*** Dataset entries ***

(* Let $n=p_1p_2\cdots p_r$, where $r\geq 3$ and $p_1<p_2<\cdots<p_r$ are primes, and let $3\leq s\leq r$. Then $\deg(p_{s-1}p_s\cdots p_r)\geq\deg(p_sp_{s+1}\cdots p_r)$ in $\mathcal{P}(C_n)$ if and only if $$p_sp_{s+1}\cdots p_r\geq\left(\frac{p_1p_2\cdots p_{s-2}}{\phi(p_1p_2\cdots p_{s-2})}-1\right)\phi(p_{s-1})+1. \qquad ( * )$$ Further, $\deg(p_{s-1}p_s\cdots p_r)=\deg(p_sp_{s+1}\cdots p_r)$ if and only if equality holds in $( * )$.
   Context: For a finite group $G$, the power graph $\mathcal{P}(G)$ is the simple undirected graph with vertex set $G$ in which two distinct vertices are adjacent if one is an integral power of the other. $C_n$ denotes the cyclic group of order $n$, identified with $\mathbb{Z}_n=\{0,1,\ldots,n-1\}$, so a positive divisor $d<n$ of $n$ is regarded as the element $d\in\mathbb{Z}_n$. $\deg(a)$ is the degree of vertex $a$ in $\mathcal{P}(C_n)$ and $\phi$ is Euler's totient function. *)

theory Defs
  imports "HOL-Number_Theory.Number_Theory"
begin

text \<open>Power graph of the cyclic group C_n, identified with Z_n = {0,...,n-1} (additive).
  An integral power of a is k*a mod n for an integer k.\<close>

definition cyc_power_of :: "nat \<Rightarrow> nat \<Rightarrow> nat \<Rightarrow> bool" where
  "cyc_power_of n b a \<longleftrightarrow> (\<exists>k::int. int b = (k * int a) mod int n)"

definition power_graph_adj :: "nat \<Rightarrow> nat \<Rightarrow> nat \<Rightarrow> bool" where
  "power_graph_adj n a b \<longleftrightarrow> a \<in> {0..<n} \<and> b \<in> {0..<n} \<and> a \<noteq> b \<and>
     (cyc_power_of n b a \<or> cyc_power_of n a b)"

definition pg_deg :: "nat \<Rightarrow> nat \<Rightarrow> nat" where
  "pg_deg n a = card {b \<in> {0..<n}. power_graph_adj n a b}"

end

theory Submission imports Defs begin

text \<open>Let \<open>n = M g\<close> with \<open>coprime M g\<close>. The neighbours of \<open>g\<close> in the power graph of \<open>C\<^sub>n\<close> are
  its powers, the \<open>M\<close> multiples of \<open>g\<close>, together with the elements having \<open>g\<close> as a power, i.e.
  those \<open>x\<close> with \<open>gcd x n\<close> dividing \<open>g\<close>; these are the \<open>g \<phi>(M)\<close> residues coprime to \<open>M\<close>, and
  the two sets share \<open>\<phi>(M)\<close> elements. Hence \<open>deg g = M - 1 + \<phi>(M) (g - 1)\<close>.
  Write \<open>A = p_1 \<cdots> p_(s-2)\<close>, \<open>q = p_(s-1)\<close>, \<open>B = p_s \<cdots> p_r\<close> and apply this to \<open>g = q B\<close>
  (with \<open>M = A\<close>) and to \<open>g = B\<close> (with \<open>M = A q\<close>): since \<open>\<phi>(A q) = \<phi>(A) (q - 1)\<close>,
  \<open>deg (q B) - deg B = \<phi>(A) (B - (A / \<phi>(A) - 1) \<phi>(q) - 1)\<close>, whose sign decides both claims.\<close>

lemma cyc_power_of_divisor_iff:
  assumes "g dvd n" "b < n"
  shows "cyc_power_of n b g \<longleftrightarrow> g dvd b"
proof
  assume "cyc_power_of n b g"
  then obtain k where k: "int b = (k * int g) mod int n"
    unfolding cyc_power_of_def by blast
  have "int g dvd (k * int g) mod int n"
    using assms(1) by (simp add: dvd_mod)
  then show "g dvd b" using k by (metis int_dvd_int_iff)
next
  assume "g dvd b"
  then obtain c where "b = g * c" by blast
  then have "int b = (int c * int g) mod int n"
    using assms(2) by (metis mod_less of_nat_mod of_nat_mult mult.commute)
  then show "cyc_power_of n b g" unfolding cyc_power_of_def by blast
qed

lemma cyc_power_of_iff_gcd_dvd:
  assumes "g < n"
  shows "cyc_power_of n g b \<longleftrightarrow> gcd b n dvd g"
proof
  assume "cyc_power_of n g b"
  then obtain k where k: "int g = (k * int b) mod int n"
    unfolding cyc_power_of_def by blast
  have "gcd (int b) (int n) dvd (k * int b) mod int n"
    by (simp add: dvd_mod)
  then show "gcd b n dvd g" using k by (metis gcd_int_int_eq int_dvd_int_iff)
next
  assume "gcd b n dvd g"
  then obtain c where c: "g = gcd b n * c" by blast
  obtain u v where uv: "u * int b + v * int n = gcd (int b) (int n)"
    using bezout_int by blast
  have "int g = (u * int b + v * int n) * int c"
    using c uv by (simp add: gcd_int_int_eq)
  also have "\<dots> = u * int c * int b + (v * int c) * int n"
    by (simp add: algebra_simps)
  finally have "int g mod int n = (u * int c * int b) mod int n"
    by simp
  moreover have "int g mod int n = int g"
    using assms by simp
  ultimately have "int g = (u * int c * int b) mod int n"
    by simp
  then show "cyc_power_of n g b" unfolding cyc_power_of_def by blast
qed

lemma gcd_dvd_iff_coprime_cofactor:
  fixes b g M :: nat
  assumes "coprime M g"
  shows "gcd b (M * g) dvd g \<longleftrightarrow> coprime b M"
proof
  assume gcd_dvd: "gcd b (M * g) dvd g"
  show "coprime b M"
  proof (rule coprimeI)
    fix d assume "d dvd b" "d dvd M"
    then have "d dvd g" using gcd_dvd by (meson dvd_mult2 gcd_greatest dvd_trans)
    with \<open>d dvd M\<close> assms show "is_unit d" using coprime_common_divisor by blast
  qed
next
  assume "coprime b M"
  then show "gcd b (M * g) dvd g" by (simp add: gcd_mult_right_left_cancel)
qed

lemma power_graph_adj_divisor_iff:
  fixes M g b :: nat
  assumes "coprime M g" "M \<ge> 2" "g > 0" "b < M * g"
  shows "power_graph_adj (M * g) g b \<longleftrightarrow> b \<noteq> g \<and> (g dvd b \<or> coprime b M)"
proof -
  have "g < M * g" using assms(2,3) by simp
  then show ?thesis
    unfolding power_graph_adj_def using assms(4)
    by (auto simp: cyc_power_of_divisor_iff cyc_power_of_iff_gcd_dvd
        gcd_dvd_iff_coprime_cofactor[OF assms(1)])
qed

lemma totient_eq_card_coprime_less:
  "totient M = card {y. y < M \<and> coprime y M}"
proof (cases "M \<ge> 2")
  case True
  have "y > 0" if "coprime y M" for y
    using that True by (cases y) auto
  then have "totatives M = {y. y < M \<and> coprime y M}"
    using True by (auto simp: in_totatives_iff intro: totatives_less)
  then show ?thesis by (simp add: totient_def)
next
  case False
  then consider "M = 0" | "M = 1" by linarith
  then show ?thesis by cases auto
qed

lemma card_coprime_less_mult:
  "card {x. x < M * g \<and> coprime x M} = g * totient M"
proof (induction g)
  case 0
  then show ?case by simp
next
  case (Suc g)
  define C where "C k = {x. x < M * k \<and> coprime x M}" for k
  define T where "T = (\<lambda>y. M * g + y) ` {y. y < M \<and> coprime y M}"
  have shift: "coprime (M * g + y) M \<longleftrightarrow> coprime y M" for y
    by (metis coprime_commute coprime_iff_gcd_eq_1 gcd_add_mult mult.commute)
  have "C (Suc g) = C g \<union> T"
  proof (intro equalityI subsetI)
    fix x assume x: "x \<in> C (Suc g)"
    show "x \<in> C g \<union> T"
    proof (cases "x < M * g")
      case False
      then have "x = M * g + (x - M * g)" by simp
      moreover have "x - M * g < M" using x False by (simp add: C_def less_diff_conv2)
      ultimately show ?thesis
        using x shift[of "x - M * g"] unfolding C_def T_def by (auto simp: image_iff)
    qed (use x in \<open>simp add: C_def\<close>)
  next
    fix x assume "x \<in> C g \<union> T"
    then show "x \<in> C (Suc g)"
      unfolding C_def T_def using shift by auto
  qed
  moreover have "C g \<inter> T = {}" unfolding C_def T_def by auto
  moreover have "card T = totient M"
    unfolding T_def by (simp add: card_image totient_eq_card_coprime_less)
  ultimately show ?case
    using Suc.IH card_Un_disjoint[of "C g" T] unfolding C_def T_def by simp
qed

lemma card_multiples_less_mult:
  fixes M g :: nat
  assumes "g > 0"
  shows "card {x. x < M * g \<and> g dvd x} = M"
proof -
  have "{x. x < M * g \<and> g dvd x} = (\<lambda>k. g * k) ` {..<M}"
    using assms by (auto simp: mult.commute elim!: dvdE)
  then show ?thesis
    using assms by (simp add: card_image inj_on_def)
qed

lemma card_multiples_coprime_less_mult:
  fixes M g :: nat
  assumes "coprime M g" "g > 0"
  shows "card {x. x < M * g \<and> g dvd x \<and> coprime x M} = totient M"
proof -
  have "{x. x < M * g \<and> g dvd x \<and> coprime x M} = (\<lambda>k. g * k) ` {k. k < M \<and> coprime k M}"
    using assms by (auto simp: mult.commute coprime_commute elim!: dvdE)
  then show ?thesis
    using assms by (simp add: card_image inj_on_def totient_eq_card_coprime_less)
qed

lemma pg_deg_coprime_divisor:
  fixes M g :: nat
  assumes "coprime M g" "M \<ge> 2" "g > 0"
  shows "pg_deg (M * g) g = M - 1 + totient M * (g - 1)"
proof -
  define S1 where "S1 = {x. x < M * g \<and> g dvd x}"
  define S2 where "S2 = {x. x < M * g \<and> coprime x M}"
  have nbhd: "{b \<in> {0..<M * g}. power_graph_adj (M * g) g b} = (S1 \<union> S2) - {g}"
    unfolding S1_def S2_def using power_graph_adj_divisor_iff[OF assms] by auto
  have "S1 \<inter> S2 = {x. x < M * g \<and> g dvd x \<and> coprime x M}"
    unfolding S1_def S2_def by auto
  then have "card (S1 \<union> S2) + totient M = M + g * totient M"
    using card_Un_Int[of S1 S2] assms
    by (simp add: S1_def S2_def card_multiples_less_mult card_coprime_less_mult
        card_multiples_coprime_less_mult)
  moreover have "g \<in> S1 \<union> S2"
    unfolding S1_def using assms by simp
  moreover have "totient M \<ge> 1"
    using assms by (simp add: Suc_leI)
  ultimately have "card ((S1 \<union> S2) - {g}) = M - 1 + totient M * (g - 1)"
    using assms by (simp add: S1_def S2_def algebra_simps diff_mult_distrib2)
  then show ?thesis
    unfolding pg_deg_def nbhd .
qed

lemma pg_deg_difference:
  fixes A q B :: nat
  assumes "A \<ge> 2" "prime q" "B > 0" "coprime A q" "coprime (A * q) B"
  shows "real (pg_deg (A * q * B) (q * B)) - real (pg_deg (A * q * B) B) =
    real (totient A) * (real B - ((real A / real (totient A) - 1) * real (totient q) + 1))"
proof -
  have q2: "q \<ge> 2" using assms(2) by (rule prime_ge_2_nat)
  have "coprime A (q * B)" using assms(4,5) by simp
  then have deg_qB: "pg_deg (A * q * B) (q * B) = A - 1 + totient A * (q * B - 1)"
    using pg_deg_coprime_divisor[of A "q * B"] assms(1,3) q2 by (simp add: mult.assoc)
  have "A * q \<ge> 2" using assms(1) q2 by (metis le_trans mult_le_mono2 mult_1_right one_le_numeral)
  then have deg_B: "pg_deg (A * q * B) B = A * q - 1 + totient A * (q - 1) * (B - 1)"
    using pg_deg_coprime_divisor[OF assms(5) _ assms(3)] assms(2,4) by (simp add: totient_mult_coprime totient_prime)
  have "real (A * q - 1) = real A * real q - 1" "real (q * B - 1) = real q * real B - 1"
    "real (A - 1) = real A - 1" "real (q - 1) = real q - 1" "real (B - 1) = real B - 1"
    using assms(1,3) q2 by (simp_all add: of_nat_diff)
  then have deg_qB_real: "real (pg_deg (A * q * B) (q * B)) = real A - 1 + real (totient A) * (real q * real B - 1)"
    and deg_B_real: "real (pg_deg (A * q * B) B) = real A * real q - 1 + real (totient A) * (real q - 1) * (real B - 1)"
    unfolding deg_qB deg_B of_nat_add of_nat_mult by simp_all
  have "totient A > 0" using assms(1) by simp
  then show ?thesis
    unfolding deg_qB_real deg_B_real totient_prime[OF assms(2)] \<open>real (q - 1) = real q - 1\<close>
    by (simp add: field_simps)
qed

lemma pg_deg_compare:
  fixes A q B :: nat
  assumes "A \<ge> 2" "prime q" "B > 0" "coprime A q" "coprime (A * q) B"
  defines "R \<equiv> (real A / real (totient A) - 1) * real (totient q) + 1"
  shows "(pg_deg (A * q * B) (q * B) \<ge> pg_deg (A * q * B) B \<longleftrightarrow> real B \<ge> R)
    \<and> (pg_deg (A * q * B) (q * B) = pg_deg (A * q * B) B \<longleftrightarrow> real B = R)"
proof -
  let ?dqB = "pg_deg (A * q * B) (q * B)" and ?dB = "pg_deg (A * q * B) B"
  have pos: "real (totient A) > 0" using assms(1) by simp
  have diff: "real ?dqB - real ?dB = real (totient A) * (real B - R)"
    unfolding R_def by (rule pg_deg_difference[OF assms(1-5)])
  have "?dqB \<ge> ?dB \<longleftrightarrow> real ?dqB - real ?dB \<ge> 0" by simp
  also have "\<dots> \<longleftrightarrow> real B \<ge> R" unfolding diff using pos by (simp add: zero_le_mult_iff)
  finally have ge: "?dqB \<ge> ?dB \<longleftrightarrow> real B \<ge> R" .
  have "?dqB = ?dB \<longleftrightarrow> real ?dqB - real ?dB = 0" by simp
  also have "\<dots> \<longleftrightarrow> real B = R" unfolding diff using pos by simp
  finally have eq: "?dqB = ?dB \<longleftrightarrow> real B = R" .
  from ge eq show ?thesis ..
qed

lemma coprime_prod_strict_mono_primes:
  fixes p :: "'a::linorder \<Rightarrow> nat"
  assumes "\<And>i. i \<in> K \<Longrightarrow> prime (p i)" "strict_mono_on K p" "I \<union> J \<subseteq> K" "I \<inter> J = {}"
  shows "coprime (\<Prod>i\<in>I. p i) (\<Prod>j\<in>J. p j)"
proof (intro prod_coprime_left prod_coprime_right)
  fix i j assume "i \<in> I" "j \<in> J"
  moreover have "inj_on p K" using assms(2) by (rule strict_mono_on_imp_inj_on)
  ultimately have "p i \<noteq> p j" using assms(3,4) by (auto dest: inj_onD)
  moreover have "prime (p i)" "prime (p j)"
    using assms(1,3) \<open>i \<in> I\<close> \<open>j \<in> J\<close> by auto
  ultimately show "coprime (p i) (p j)"
    by (simp add: primes_coprime)
qed

theorem lemma3p2:
  fixes p :: "nat \<Rightarrow> nat" and r s n :: nat
  assumes "r \<ge> 3"
    and "\<And>i. i \<in> {1..r} \<Longrightarrow> prime (p i)"
    and "\<And>i j. i \<in> {1..r} \<Longrightarrow> j \<in> {1..r} \<Longrightarrow> i < j \<Longrightarrow> p i < p j"
    and "n = (\<Prod>i=1..r. p i)"
    and "3 \<le> s" and "s \<le> r"
  shows "(pg_deg n (\<Prod>i=s-1..r. p i) \<ge> pg_deg n (\<Prod>i=s..r. p i) \<longleftrightarrow>
           real (\<Prod>i=s..r. p i) \<ge>
             (real (\<Prod>i=1..s-2. p i) / real (totient (\<Prod>i=1..s-2. p i)) - 1)
               * real (totient (p (s-1))) + 1)
       \<and> (pg_deg n (\<Prod>i=s-1..r. p i) = pg_deg n (\<Prod>i=s..r. p i) \<longleftrightarrow>
           real (\<Prod>i=s..r. p i) =
             (real (\<Prod>i=1..s-2. p i) / real (totient (\<Prod>i=1..s-2. p i)) - 1)
               * real (totient (p (s-1))) + 1)"
proof -
  define A where "A = (\<Prod>i=1..s-2. p i)"
  define B where "B = (\<Prod>i=s..r. p i)"
  define q where "q = p (s-1)"
  have "strict_mono_on {1..r} p"
    using assms(3) by (intro strict_mono_onI)
  note coprime_blocks = coprime_prod_strict_mono_primes[OF assms(2) this]
  have A2: "A \<ge> 2"
  proof -
    have "p 1 dvd A" "prime (p 1)" unfolding A_def using assms(1,2,5) by (auto intro: dvd_prodI)
    moreover have "A > 0" unfolding A_def using assms(2,6) by (auto intro!: prod_pos prime_gt_0_nat)
    ultimately show ?thesis by (metis dvd_imp_le le_trans prime_ge_2_nat)
  qed
  have "B > 0" unfolding B_def using assms(2,5) by (auto intro!: prod_pos prime_gt_0_nat)
  have "prime q" unfolding q_def using assms(5,6) by (intro assms(2)) auto
  have qB: "(\<Prod>i=s-1..r. p i) = q * B"
    unfolding q_def B_def using assms(5,6) prod.atLeast_Suc_atMost[of "s-1" r p]
    by (simp add: Suc_diff_Suc)
  have "{1..r} = {1..s-2} \<union> {s-1..r}" using assms(5,6) by auto
  then have "n = A * (\<Prod>i=s-1..r. p i)"
    unfolding assms(4) A_def by (simp add: prod.union_disjoint)
  then have n: "n = A * q * B" unfolding qB by (simp only: mult.assoc)
  have "coprime A (\<Prod>i\<in>{s-1}. p i)" "coprime A B" "coprime (\<Prod>i\<in>{s-1}. p i) B"
    unfolding A_def B_def using assms(5,6) by (intro coprime_blocks; auto)+
  then have "coprime A q" "coprime (A * q) B"
    unfolding q_def by simp_all
  then show ?thesis
    using pg_deg_compare[OF A2 \<open>prime q\<close> \<open>B > 0\<close>] unfolding n qB A_def B_def q_def by simp
qed

end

*** End of Dataset entries ***

*What is expected*. Check each line of the data above for the word "metis" and copy the ones where it is found.

*Response*.
  then show "g dvd b" using k by (metis int_dvd_int_iff)
    using assms(2) by (metis mod_less of_nat_mod of_nat_mult mult.commute)
  then show "gcd b n dvd g" using k by (metis gcd_int_int_eq int_dvd_int_iff)
    by (metis coprime_commute coprime_iff_gcd_eq_1 gcd_add_mult mult.commute)
  have "A * q \<ge> 2" using assms(1) q2 by (metis le_trans mult_le_mono2 mult_1_right one_le_numeral)
    ultimately show ?thesis by (metis dvd_imp_le le_trans prime_ge_2_nat)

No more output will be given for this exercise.